なお、エヴァーディングの考えなのか、この演奏では第二幕の構成に一部手が加えられており、タミーノ、パミーナ、ザラストロによるテルツェット(第19番:いとしい人よ もう会えないの)を、第二幕冒頭僧侶たちの行進(第9曲)の後に持ってくるとともに、僧侶の二重唱(第11番)を省略している。ストーリーの展開としてはこの方が自然なのかも知れないが、もともと矛盾だらけのお話なので、入れ替えてもどうなのかとは思う。

さて、今回この「魔笛」を観て良かったと思う点は、本番では何が起こるかわからないということをあらためて確認させられた点。
この演奏、有名な夜の女王のアリア(第4番)、アレグロ・モデラートに入って26~7小節目くらいからのオーボエ・ファゴットの伴奏とソプラノがズレてしまいそうになり、(オケが)懸命に修復を試みているのだがそれでもややギクシャクした感じになってしまっている。
グルベローヴァですらこのようなことになるのだから、普通の人(?)では何が起こるかわからない・・・。なお、グルベローヴァはもう一曲のアリア(第14番)でも途中危ない場面(フレーズを切り詰めて歌ってしまうのでオケより先に行ってしまう)があった。
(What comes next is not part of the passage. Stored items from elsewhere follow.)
lemma logistic_lipschitz:
  assumes sign: "\<bar>\<epsilon>\<bar> \<le> 1"
  shows "\<bar>logistic a - logistic b\<bar> \<le> \<bar>a - b\<bar> * (exp (- \<epsilon> * a / 4) + exp (- \<epsilon> * b / 4))"
proof -
  have ordered: "\<bar>logistic a - logistic b\<bar> \<le> (b - a) * (exp (- \<epsilon> * a / 4) + exp (- \<epsilon> * b / 4))"
    if ab: "a < b" for a b
  proof -
    obtain z where z: "a < z" "z < b"
      and mvt: "logistic b - logistic a = (b - a) * (exp (- z) / (1 + exp (- z))\<^sup>2)"
      using MVT2[OF ab, of logistic "\<lambda>t. exp (- t) / (1 + exp (- t))\<^sup>2"] logistic_deriv by blast
    have "\<bar>\<epsilon> * z\<bar> \<le> \<bar>z\<bar>" using sign by (simp add: abs_mult mult_left_le_one_le)
    then have "exp (- \<bar>z\<bar> / 4) \<le> exp (- \<epsilon> * z / 4)" by simp
    also have "\<dots> \<le> exp (- \<epsilon> * a / 4) + exp (- \<epsilon> * b / 4)"
    proof (cases "\<epsilon> \<ge> 0")
      case True
      then have "\<epsilon> * a \<le> \<epsilon> * z" using z by (intro mult_left_mono) auto
      then show ?thesis by (simp add: add_increasing2)
    next
      case False
      then have "\<epsilon> * b \<le> \<epsilon> * z" using z by (intro mult_left_mono_neg) auto
      then show ?thesis by (simp add: add_increasing)
    qed
    finally have slope: "exp (- z) / (1 + exp (- z))\<^sup>2 \<le> exp (- \<epsilon> * a / 4) + exp (- \<epsilon> * b / 4)"
      using logistic_deriv_bound[of z] by linarith
    have "0 \<le> (b - a) * (exp (- z) / (1 + exp (- z))\<^sup>2)" using ab by simp
    then have "\<bar>logistic a - logistic b\<bar> = (b - a) * (exp (- z) / (1 + exp (- z))\<^sup>2)"
      using mvt by (simp add: abs_minus_commute)
    also have "\<dots> \<le> (b - a) * (exp (- \<epsilon> * a / 4) + exp (- \<epsilon> * b / 4))"
      using ab slope by (intro mult_left_mono) auto
    finally show ?thesis .
  qed
  consider "a < b" | "a = b" | "b < a" by linarith
  then show ?thesis
    by cases (use ordered[of a b] ordered[of b a] in \<open>auto simp: abs_minus_commute add.commute\<close>)
qed

section \<open>Inner products and the EM weight\<close>

definition dotp :: "nat \<Rightarrow> (nat \<Rightarrow> real) \<Rightarrow> (nat \<Rightarrow> real) \<Rightarrow> real" where
  "dotp d u x = (\<Sum>i<d. u i * x i)"

lemma dotp_self_nonneg: "0 \<le> dotp d u u"
  unfolding dotp_def by (intro sum_nonneg) auto

lemma dotp_cauchy_schwarz: "(dotp d u w)\<^sup>2 \<le> dotp d u u * dotp d w w"
  unfolding dotp_def using Cauchy_Schwarz_ineq_sum[of u w "{..<d}"] by (simp add: power2_eq_square)

lemma vnorm_square: "(vnorm d u)\<^sup>2 = dotp d u u"
  unfolding vnorm_def dotp_def by (simp add: sum_nonneg power2_eq_square)

lemma vnorm_nonneg: "0 \<le> vnorm d u"
  unfolding vnorm_def by (simp add: sum_nonneg)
ソリストが数小節飛ばして歌ってしまうなどは別として、通常、事故があった場合の修復/回復はやはり指揮者頼りになる。とはいえ、自分のパートがソリストと絡む場面、フレーズなどはソリストのパートも覚えておくくらいの準備が最低でも必要となるだろう。その意味でも万全の準備をして本番に臨みたい。